Sir, can any candid and intelligent men be found in the Legislature, or out of it, who will not admit that at least a majority of these objections to the Constitution are valid and important, as such? The people of other States have deemed it necessary to call conventions, and revise and change their constitutions, when not one quarter of the objections could be fairly stated against them which all must admit to exist against ours. have not stated numerous objections, which I believe radical and important; and doubtless some of those which I have deemed to be objections, others may be ready to defend.
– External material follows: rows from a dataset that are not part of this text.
lemma sum_kernel_thd:
  "(\<Sum>t'\<in>UNIV. kernel_thd V (k, i, j) t' * f t') = (\<Sum>j'\<in>UNIV. V j j' * f (k, i, j'))"
  for k :: "'a::finite" and i :: "'b::finite" and V :: "'c::finite \<Rightarrow> 'c \<Rightarrow> real"
  by (simp add: sum_UNIV_triple kernel_thd_def of_bool_conj mult.assoc
      flip: sum_distrib_left sum_distrib_right)

lemma push_kernel_snd:
  "push (kernel_snd W) x (k, i', j) = (\<Sum>i\<in>UNIV. x (k, i, j) * W i i')"
  for k :: "'a::finite" and W :: "'b::finite \<Rightarrow> 'b \<Rightarrow> real" and j :: "'c::finite"
  unfolding push_def
  by (simp add: sum_UNIV_triple kernel_snd_def, subst sum.swap,
      simp add: of_bool_conj mult.left_commute[of "x _"] mult.left_commute[of "W _ _"]
        flip: sum_distrib_left,
      simp add: mult.assoc flip: sum_distrib_left)

lemma push_kernel_thd:
  "push (kernel_thd V) x (k, i, j') = (\<Sum>j\<in>UNIV. x (k, i, j) * V j j')"
  for k :: "'a::finite" and i :: "'b::finite" and V :: "'c::finite \<Rightarrow> 'c \<Rightarrow> real"
  unfolding push_def
  by (simp add: sum_UNIV_triple kernel_thd_def, subst sum.swap,
      simp add: of_bool_conj mult.left_commute[of "x _"] mult.left_commute[of "V _ _"]
        flip: sum_distrib_left,
      simp add: mult.assoc flip: sum_distrib_left)

lemma kernel_snd_nonzero:
  "kernel_snd W t t' \<noteq> 0 \<Longrightarrow>
    fst t' = fst t \<and> W (fst (snd t)) (fst (snd t')) \<noteq> 0 \<and> snd (snd t') = snd (snd t)"
  by (auto simp: kernel_snd_def split_beta)

lemma kernel_thd_nonzero:
  "kernel_thd V t t' \<noteq> 0 \<Longrightarrow>
    fst t' = fst t \<and> fst (snd t') = fst (snd t) \<and> V (snd (snd t)) (snd (snd t')) \<noteq> 0"
  by (auto simp: kernel_thd_def split_beta)

lemma stochastic_kernel_snd:
  fixes W :: "'b::finite \<Rightarrow> 'b \<Rightarrow> real"
  assumes "stochastic W"
  shows "stochastic (kernel_snd W :: 'a::finite \<times> 'b \<times> 'c::finite \<Rightarrow> _)"
  unfolding stochastic_def
proof (intro conjI allI)
  fix t t' :: "'a \<times> 'b \<times> 'c"
  show "0 \<le> kernel_snd W t t'"
    using assms by (simp add: stochastic_def kernel_snd_def split_beta)
  show "(\<Sum>t'\<in>UNIV. kernel_snd W t t') = 1"
    using assms sum_kernel_snd[of W "fst t" "fst (snd t)" "snd (snd t)" "\<lambda>_. 1"]
    by (simp add: stochastic_def)
qed

lemma stochastic_kernel_thd:
  fixes V :: "'c::finite \<Rightarrow> 'c \<Rightarrow> real"
  assumes "stochastic V"
  shows "stochastic (kernel_thd V :: 'a::finite \<times> 'b::finite \<times> 'c \<Rightarrow> _)"
  unfolding stochastic_def
proof (intro conjI allI)
  fix t t' :: "'a \<times> 'b \<times> 'c"
  show "0 \<le> kernel_thd V t t'"
    using assms by (simp add: stochastic_def kernel_thd_def split_beta)
  show "(\<Sum>t'\<in>UNIV. kernel_thd V t t') = 1"
    using assms sum_kernel_thd[of V "fst t" "fst (snd t)" "snd (snd t)" "\<lambda>_. 1"]
    by (simp add: stochastic_def)
qed

lemma sum_kernel_snd_fst:
  fixes W :: "'b::finite \<Rightarrow> 'b \<Rightarrow> real" and t :: "'a::finite \<times> 'b \<times> 'c::finite"
  assumes "\<And>i. (\<Sum>i'\<in>UNIV. W i i') = 1"
  shows "(\<Sum>t'\<in>UNIV. kernel_snd W t t' * g (fst t')) = g (fst t)"
  using sum_kernel_snd[of W "fst t" "fst (snd t)" "snd (snd t)" "\<lambda>t'. g (fst t')"]
  by (simp add: assms flip: sum_distrib_right)

lemma sum_kernel_thd_fst:
  fixes V :: "'c::finite \<Rightarrow> 'c \<Rightarrow> real" and t :: "'a::finite \<times> 'b::finite \<times> 'c"
  assumes "\<And>j. (\<Sum>j'\<in>UNIV. V j j') = 1"
  shows "(\<Sum>t'\<in>UNIV. kernel_thd V t t' * g (fst t')) = g (fst t)"
  using sum_kernel_thd[of V "fst t" "fst (snd t)" "snd (snd t)" "\<lambda>t'. g (fst t')"]
  by (simp add: assms flip: sum_distrib_right)

lemma push_kernel_snd_thd_commute:
  "push (kernel_snd W) (push (kernel_thd V) x) = push (kernel_thd V) (push (kernel_snd W) x)"
  for W :: "'b::finite \<Rightarrow> 'b \<Rightarrow> real" and V :: "'c::finite \<Rightarrow> 'c \<Rightarrow> real"
    and x :: "'a::finite \<times> 'b \<times> 'c \<Rightarrow> real"
proof
  fix t :: "'a \<times> 'b \<times> 'c"
  obtain k i' j' where t: "t = (k, i', j')" by (cases t rule: prod_cases3)
  have "push (kernel_snd W) (push (kernel_thd V) x) t
      = (\<Sum>i\<in>UNIV. \<Sum>j\<in>UNIV. x (k, i, j) * V j j' * W i i')"
    by (simp add: t push_kernel_snd push_kernel_thd sum_distrib_right)
  also have "\<dots> = (\<Sum>j\<in>UNIV. \<Sum>i\<in>UNIV. x (k, i, j) * V j j' * W i i')"
    by (rule sum.swap)
  also have "\<dots> = push (kernel_thd V) (push (kernel_snd W) x) t"
    by (simp add: t push_kernel_snd push_kernel_thd sum_distrib_left sum_distrib_right mult_ac)
  finally show "push (kernel_snd W) (push (kernel_thd V) x) t
      = push (kernel_thd V) (push (kernel_snd W) x) t" .
qed

type_synonym triple = "letter \<times> letter \<times> letter"

definition T_rel :: "triple \<Rightarrow> triple \<Rightarrow> bool" where
  "T_rel t u \<longleftrightarrow> fst t = A \<and> fst u = B \<and> arrow t u"

definition R_rel :: "triple \<Rightarrow> triple \<Rightarrow> bool" where
  "R_rel t u \<longleftrightarrow> fst (snd t) = A \<and> fst (snd u) = B \<and> arrow t u"

definition S_rel :: "triple \<Rightarrow> triple \<Rightarrow> bool" where
  "S_rel t u \<longleftrightarrow> snd (snd t) = A \<and> snd (snd u) = B \<and> arrow t u"

lemma T_val_eq: "T_val x = pair_mass T_rel x"
  unfolding pair_mass_def T_val_def sum_UNIV_triple
  by (simp add: letters_def UNIV_letter T_rel_def arrow_def step_def)

lemma R_val_eq: "R_val x = pair_mass R_rel x"
  unfolding pair_mass_def R_val_def sum_UNIV_triple
  by (simp add: letters_def UNIV_letter R_rel_def arrow_def step_def)

lemma S_val_eq: "S_val x = pair_mass S_rel x"
  unfolding pair_mass_def S_val_def sum_UNIV_triple
  by (simp add: letters_def UNIV_letter S_rel_def arrow_def step_def)

lemma s_val_eq: "s_val x m = (\<Sum>t\<in>UNIV. of_bool (fst t = m) * x t)"
  unfolding s_val_def letters_eq_UNIV sum_UNIV_triple
  by (cases m) (simp_all add: sum_UNIV_letter)

lemma simplex_eq: "simplex = {x. (\<forall>t. 0 \<le> x t) \<and> (\<Sum>t\<in>UNIV. x t) = 1}"
  unfolding simplex_def letters_eq_UNIV sum_UNIV_triple ..

lemma simplex_nonneg: "x \<in> simplex \<Longrightarrow> 0 \<le> x t"
  unfolding simplex_eq by blast

lemma simplex_sum: "x \<in> simplex \<Longrightarrow> (\<Sum>t\<in>UNIV. x t) = 1"
  unfolding simplex_eq by blast

lemma s_val_nonneg: "x \<in> simplex \<Longrightarrow> 0 \<le> s_val x m"
  unfolding s_val_eq by (auto intro: sum_nonneg simplex_nonneg)
definition spine_circuit :: "(nat \<times> nat list) list \<Rightarrow> gate list list" where
  "spine_circuit G =
     parallel (map (\<lambda>(l, M). fan_in_circuit l ((!) M) (length M)) G)
     @ prefix_circuit ((!) (map fst G)) (length G)"

lemma distinct_group: "distinct (group_qubits G) \<Longrightarrow> (l, M) \<in> set G \<Longrightarrow> distinct (l # M)"
  by (induction G) auto

lemma distinct_map_fst_groups: "distinct (group_qubits G) \<Longrightarrow> distinct (map fst G)"
proof (induction G)
  case (Cons g G)
  then show ?case
    by (cases g) (force dest: group_qubits_mem)
qed simp

lemma wires_fan_in_circuit_nth:
  "set (wires (concat (fan_in_circuit l ((!) M) (length M)))) \<subseteq> set (l # M)"
  using wires_fan_in_circuit[of l "(!) M" "length M"] by (simp add: image_nth_lessThan)

lemma sorted_wrt_disjnt_fan_ins:
  assumes "distinct (group_qubits G)"
  shows "sorted_wrt disjnt
    (map (\<lambda>C. set (wires (concat C))) (map (\<lambda>(l, M). fan_in_circuit l ((!) M) (length M)) G))"
proof -
  have "sorted_wrt disjnt (map (\<lambda>(l, M). set (l # M)) G)"
    using sorted_wrt_disjnt_if_distinct_concat[of "\<lambda>(l, M). l # M" G] assms
    by (simp add: group_qubits_def case_prod_unfold)
  then show ?thesis
    unfolding map_map
    by (rule sorted_wrt_disjnt_mono[rotated]) (use wires_fan_in_circuit_nth in fastforce)
qed

lemma run_spine_circuit:
  fixes s :: "nat \<Rightarrow> 'a::ab_group_add"
  assumes char2: "\<And>x::'a. x + x = 0" and "distinct (group_qubits G)"
  shows "run (concat (spine_circuit G)) s = run (group_gates G) s"
proof -
  have fan_ins: "run (concat (concat (map (\<lambda>(l, M). fan_in_circuit l ((!) M) (length M)) G))) u
      = run (member_gates G) u" for u :: "nat \<Rightarrow> 'a"
    using assms(2)
  proof (induction G arbitrary: u)
    case (Cons g G)
    then show ?case
      by (cases g) (simp add: run_fan_in_circuit_nth[OF char2])
  qed simp
  have "run (concat (spine_circuit G)) s
      = run (concat (prefix_circuit ((!) (map fst G)) (length G)))
          (run (concat (parallel (map (\<lambda>(l, M). fan_in_circuit l ((!) M) (length M)) G))) s)"
    by (simp add: spine_circuit_def)
  also have "\<dots> = run (chain_gates (map fst G)) (run (member_gates G) s)"
    by (simp only: run_parallel[OF sorted_wrt_disjnt_fan_ins[OF assms(2)]] fan_ins
        run_prefix_circuit_nth[OF distinct_map_fst_groups[OF assms(2)], unfolded length_map])
  also have "\<dots> = run (group_gates G) s"
    by (rule run_group_gates[OF assms(2), symmetric])
  finally show ?thesis .
qed
(* Let $s$ be an indeterminate; for an integer $k\ge 0$ put $\{k\}_s=s^k-s^{-k}$ and $\{k\}_s!=\{1\}_s\{2\}_s\cdots\{k\}_s$ (with $\{0\}_s!=1$). For positive integers $m,n$ let \[V_W(m,n)=\sum_{i=0}^{\min(m,n)-1}(-1)^{m+n}s^{-\frac{i^2+3i}{2}}\frac{\{m+i\}_s!\,\{n+i\}_s!\,\{i\}_s!}{\{1\}_s\,\{m-i-1\}_s!\,\{n-i-1\}_s!\,\{2i+1\}_s!}\] (the colored Jones polynomial of the Whitehead link). Let $E_m,E_n,Q_m,Q_n$ act on functions $f(m,n)$ by $(E_mf)(m,n)=f(m+1,n)$, $(E_nf)(m,n)=f(m,n+1)$, $(Q_mf)(m,n)=s^mf(m,n)$, $(Q_nf)(m,n)=s^nf(m,n)$. Then \[A^{\mathrm{bi}}_{s;mn}(W)=(E_n-sQ_n^2)(sQ_m^2E_m-1)-(E_m-sQ_m^2)(sQ_n^2E_n-1)\] satisfies $A^{\mathrm{bi}}_{s;mn}(W)\,V_W=0$.
   Context: Products of operators are compositions; in particular $E_mQ_m=sQ_mE_m$, $E_nQ_n=sQ_nE_n$, and $E_m$ commutes with $Q_n$ and $E_n$, $E_n$ commutes with $Q_m$. *)

theory Defs
  imports "HOL-Computational_Algebra.Polynomial" "HOL-Computational_Algebra.Fraction_Field"
begin

definition sX :: "rat poly fract" where
  "sX = Fract [:0, 1:] 1"

definition qbr :: "'a::field \<Rightarrow> nat \<Rightarrow> 'a" where
  "qbr s k = s ^ k - inverse (s ^ k)"

definition qfact :: "'a::field \<Rightarrow> nat \<Rightarrow> 'a" where
  "qfact s k = (\<Prod>j\<in>{1..k}. qbr s j)"

definition VW :: "'a::field \<Rightarrow> nat \<Rightarrow> nat \<Rightarrow> 'a" where
  "VW s m n = (\<Sum>i<min m n.
      (-1) ^ (m + n) * s powi (- int ((i^2 + 3*i) div 2)) *
      (qfact s (m + i) * qfact s (n + i) * qfact s i) /
      (qbr s 1 * qfact s (m - i - 1) * qfact s (n - i - 1) * qfact s (2*i + 1)))"

type_synonym 'a op2 = "(nat \<Rightarrow> nat \<Rightarrow> 'a) \<Rightarrow> (nat \<Rightarrow> nat \<Rightarrow> 'a)"

definition Em :: "'a op2" where "Em f = (\<lambda>m n. f (Suc m) n)"
definition En :: "'a op2" where "En f = (\<lambda>m n. f m (Suc n))"
definition Qm :: "'a::field \<Rightarrow> 'a op2" where "Qm s f = (\<lambda>m n. s ^ m * f m n)"
definition Qn :: "'a::field \<Rightarrow> 'a op2" where "Qn s f = (\<lambda>m n. s ^ n * f m n)"

definition op_sub :: "'a::field op2 \<Rightarrow> 'a op2 \<Rightarrow> 'a op2" where
  "op_sub P R = (\<lambda>f m n. P f m n - R f m n)"
definition op_smul :: "'a::field \<Rightarrow> 'a op2 \<Rightarrow> 'a op2" where
  "op_smul c P = (\<lambda>f m n. c * P f m n)"

definition Abi :: "'a::field \<Rightarrow> 'a op2" where
  "Abi s = op_sub
     (op_sub En (op_smul s (Qn s \<circ> Qn s)) \<circ> op_sub (op_smul s (Qm s \<circ> Qm s \<circ> Em)) id)
     (op_sub Em (op_smul s (Qm s \<circ> Qm s)) \<circ> op_sub (op_smul s (Qn s \<circ> Qn s \<circ> En)) id)"

end

theory Submission
  imports Defs
begin

text \<open>
  Write \<open>V\<^sub>W(m, n) = (-1)\<^sup>m\<^sup>+\<^sup>n \<Sum>\<^sub>i c\<^sub>i P\<^sub>m(i) P\<^sub>n(i)\<close> with
  \<open>P\<^sub>m(i) = {m+i}!/{m-i-1}!\<close>, which vanishes for \<open>i \<ge> m\<close>, so that the range of summation
  may be taken as \<open>i \<le> min m n\<close> at all four points \<open>(m, n), \<dots>, (m+1, n+1)\<close> that the operator
  touches. The operator in fact annihilates every summand separately: relative to the common
  factor \<open>{m+i}!/{m-i}!\<close>, the factor \<open>P\<^sub>m(i)\<close> contributes \<open>{m-i}\<close> and \<open>P\<^sub>m\<^sub>+\<^sub>1(i)\<close>
  contributes \<open>{m+i+1}\<close>, and what remains is a Laurent polynomial identity in
  \<open>s, s\<^sup>i, s\<^sup>m\<^sup>-\<^sup>i, s\<^sup>n\<^sup>-\<^sup>i\<close>.
\<close>

lemma Abi_apply:
  "Abi s f m n = (s^(2*m+1) - s^(2*n+1)) * (f (Suc m) (Suc n) - f m n)
     + (s^(2*m+2*n+2) - 1) * (f m (Suc n) - f (Suc m) n)"
proof -
  have powers: "s^(2*m+1) = s * s^m * s^m" "s^(2*n+1) = s * s^n * s^n"
    "s^(2*m+2*n+2) = s * s^n * s^n * (s * s^m * s^m)"
    unfolding mult_2 power_add by (simp_all add: ac_simps power2_eq_square)
  show ?thesis
    unfolding powers Abi_def op_sub_def op_smul_def Em_def En_def Qm_def Qn_def comp_def id_def
    by (simp add: algebra_simps)
qed

lemma Abi_cong:
  assumes "f m n = g m n" "f (Suc m) n = g (Suc m) n" "f m (Suc n) = g m (Suc n)"
    "f (Suc m) (Suc n) = g (Suc m) (Suc n)"
  shows "Abi s f m n = Abi s g m n"
  using assms by (simp add: Abi_apply)

lemma Abi_sum:
  "Abi s (\<lambda>a b. \<Sum>i\<in>I. c i * h i a b) m n = (\<Sum>i\<in>I. c i * Abi s (h i) m n)"
  unfolding Abi_apply sum_subtractf[symmetric] sum_distrib_left sum.distrib[symmetric]
  by (intro sum.cong) (simp_all add: algebra_simps)

lemma qfact_Suc: "qfact s (Suc k) = qfact s k * qbr s (Suc k)"
  unfolding qfact_def by simp

lemma qfact_eq_0_iff: "qfact s k = 0 \<longleftrightarrow> (\<exists>j\<in>{1..k}. qbr s j = 0)"
  unfolding qfact_def by simp

definition VW_coeff :: "'a::field \<Rightarrow> nat \<Rightarrow> 'a" where
  "VW_coeff s i = s powi (- int ((i^2 + 3*i) div 2)) * qfact s i / (qbr s 1 * qfact s (2*i + 1))"

definition VW_factor :: "'a::field \<Rightarrow> nat \<Rightarrow> nat \<Rightarrow> 'a" where
  "VW_factor s m i = (if i < m then qfact s (m + i) / qfact s (m - i - 1) else 0)"

lemma VW_eq_sum:
  assumes "min m n \<le> N"
  shows "VW s m n = (\<Sum>i<N. VW_coeff s i * ((-1)^(m+n) * VW_factor s m i * VW_factor s n i))"
proof -
  have "(\<Sum>i<N. VW_coeff s i * ((-1)^(m+n) * VW_factor s m i * VW_factor s n i))
      = (\<Sum>i<min m n. VW_coeff s i * ((-1)^(m+n) * VW_factor s m i * VW_factor s n i))"
    using assms by (intro sum.mono_neutral_right) (auto simp: VW_factor_def)
  then show ?thesis
    unfolding VW_def
    by (simp add: VW_factor_def VW_coeff_def divide_inverse inverse_mult_distrib ac_simps)
qed

lemma VW_factor_eq_qbr_diff:
  assumes "i \<le> m"
  shows "VW_factor s m i = qfact s (m + i) / qfact s (m - i) * qbr s (m - i)"
proof (cases "i = m")
  case True
  then show ?thesis by (simp add: VW_factor_def qbr_def)
next
  case False
  with assms have "m - i = Suc (m - i - 1)" by simp
  then have split: "qfact s (m - i) = qfact s (m - i - 1) * qbr s (m - i)"
    by (metis qfact_Suc)
  show ?thesis
  proof (cases "qbr s (m - i) = 0")
    case True
    \<comment> \<open>then \<open>{m-i}\<close> is also a factor of \<open>{m+i}!\<close>, so both sides vanish\<close>
    with False assms have "qfact s (m + i) = 0"
      by (auto simp: qfact_eq_0_iff intro!: bexI[of _ "m - i"])
    then show ?thesis by (simp add: VW_factor_def)
  next
    case False
    with \<open>i \<noteq> m\<close> assms show ?thesis by (simp add: VW_factor_def split)
  qed
qed

lemma VW_factor_Suc_eq_qbr_sum:
  assumes "i \<le> m"
  shows "VW_factor s (Suc m) i = qfact s (m + i) / qfact s (m - i) * qbr s (m + 1 + i)"
proof -
  have "qfact s (Suc m + i) = qfact s (m + i) * qbr s (m + 1 + i)"
    using qfact_Suc[of s "m + i"] by simp
  moreover have "Suc m - i - 1 = m - i" using assms by simp
  ultimately show ?thesis using assms by (simp add: VW_factor_def)
qed

lemma qbr_Whitehead_identity:
  fixes s :: "'a::field"
  assumes "s \<noteq> 0" and "i \<le> m" "i \<le> n"
  shows "(s^(2*m+1) - s^(2*n+1)) * (qbr s (m+1+i) * qbr s (n+1+i) - qbr s (m-i) * qbr s (n-i))
       + (s^(2*m+2*n+2) - 1) * (qbr s (m+1+i) * qbr s (n-i) - qbr s (m-i) * qbr s (n+1+i)) = 0"
proof -
  obtain p q where pq: "m = i + p" "n = i + q"
    using assms by (metis le_add_diff_inverse)
  have "s ^ i \<noteq> 0" "s ^ p \<noteq> 0" "s ^ q \<noteq> 0"
    using \<open>s \<noteq> 0\<close> by simp_all
  then show ?thesis
    using \<open>s \<noteq> 0\<close> unfolding pq qbr_def
    by (simp add: power_add power_mult field_simps) algebra
qed

lemma Abi_VW_summand_eq_0:
  fixes s :: "'a::field"
  assumes "s \<noteq> 0" and "i \<le> m" "i \<le> n"
  shows "Abi s (\<lambda>a b. (-1)^(a+b) * VW_factor s a i * VW_factor s b i) m n = 0"
proof -
  define R where "R k = qfact s (k + i) / qfact s (k - i)" for k
  have factors:
    "VW_factor s m i = R m * qbr s (m - i)" "VW_factor s (Suc m) i = R m * qbr s (m + 1 + i)"
    "VW_factor s n i = R n * qbr s (n - i)" "VW_factor s (Suc n) i = R n * qbr s (n + 1 + i)"
    unfolding R_def
    using VW_factor_eq_qbr_diff[OF \<open>i \<le> m\<close>] VW_factor_eq_qbr_diff[OF \<open>i \<le> n\<close>]
      VW_factor_Suc_eq_qbr_sum[OF \<open>i \<le> m\<close>] VW_factor_Suc_eq_qbr_sum[OF \<open>i \<le> n\<close>]
    by simp_all
  have "Abi s (\<lambda>a b. (-1)^(a+b) * VW_factor s a i * VW_factor s b i) m n
    = (-1)^(m+n) * R m * R n *
      ((s^(2*m+1) - s^(2*n+1)) * (qbr s (m+1+i) * qbr s (n+1+i) - qbr s (m-i) * qbr s (n-i))
       + (s^(2*m+2*n+2) - 1) * (qbr s (m+1+i) * qbr s (n-i) - qbr s (m-i) * qbr s (n+1+i)))"
    unfolding Abi_apply factors by (simp add: algebra_simps)
  also have "\<dots> = 0"
    using qbr_Whitehead_identity[OF assms] by simp
  finally show ?thesis .
qed

theorem Abi_VW_eq_0:
  fixes s :: "'a::field"
  assumes "s \<noteq> 0"
  shows "Abi s (VW s) m n = 0"
proof -
  define N where "N = Suc (min m n)"
  let ?summand = "\<lambda>i a b. (-1)^(a+b) * VW_factor s a i * VW_factor s b i"
  have "Abi s (VW s) m n = Abi s (\<lambda>a b. \<Sum>i<N. VW_coeff s i * ?summand i a b) m n"
    by (rule Abi_cong; rule VW_eq_sum) (simp_all add: N_def)
  also have "\<dots> = (\<Sum>i<N. VW_coeff s i * Abi s (?summand i) m n)"
    by (rule Abi_sum)
  also have "\<dots> = 0"
    using Abi_VW_summand_eq_0[OF assms] by (simp add: N_def less_Suc_eq_le)
  finally show ?thesis .
qed

lemma sX_neq_0: "sX \<noteq> 0"
  unfolding sX_def Zero_fract_def by (simp add: eq_fract)

theorem mainTheorem2:
  fixes m n :: nat
  assumes "m \<ge> 1" and "n \<ge> 1"
  shows "Abi sX (VW sX) m n = 0"
  using Abi_VW_eq_0[OF sX_neq_0] .

end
But it does seem to me wholly impossible for any one to honestly,

I

candidly, and thoroughly investigate the subject, without being forced to admit that there are a great number of important defects in various parts of the Constitution, which require change and amendment; and that the least thing we can do, as legislators, if we care one straw about the views of the people, or the interests of this country, will be to submit the question to the people, for their superior advice and direction.

Now, sir, after the lapse of more than six years, under this Constitution, the first that was adopted in this country, and which we have found, by experience, to be full of defects, it seems to me it is high time for us to attempt its necessary amendment, in order that our people may enjoy the advantages of a government adapted to their real condition.

Sir, I do not believe there is one respectable citizen of California, here or elsewhere, who does not sincerely desire a thorough and complete reformation in our public affairs. But what cause, what propriety, what reason, is there for attempting a reformation, without commencing at the very place from whence nearly all our public evils flow? For my part, I have long and earnestly devoted myself to this subject with all the feeble powers which I possess, and with an earnest wish to hit upon some expedient for reforming our errors and removing our grievances, without any revision or change of the Constitution, except such as the Legislature ought to attempt. But, sir, it is in vain. The necessities of this country absolutely demand an entire revision and change of this Constitution. And I confidently believe that it is idle and useless to hope for the infinite blessings of a good government in this State, until a new Constitution shall be adopted.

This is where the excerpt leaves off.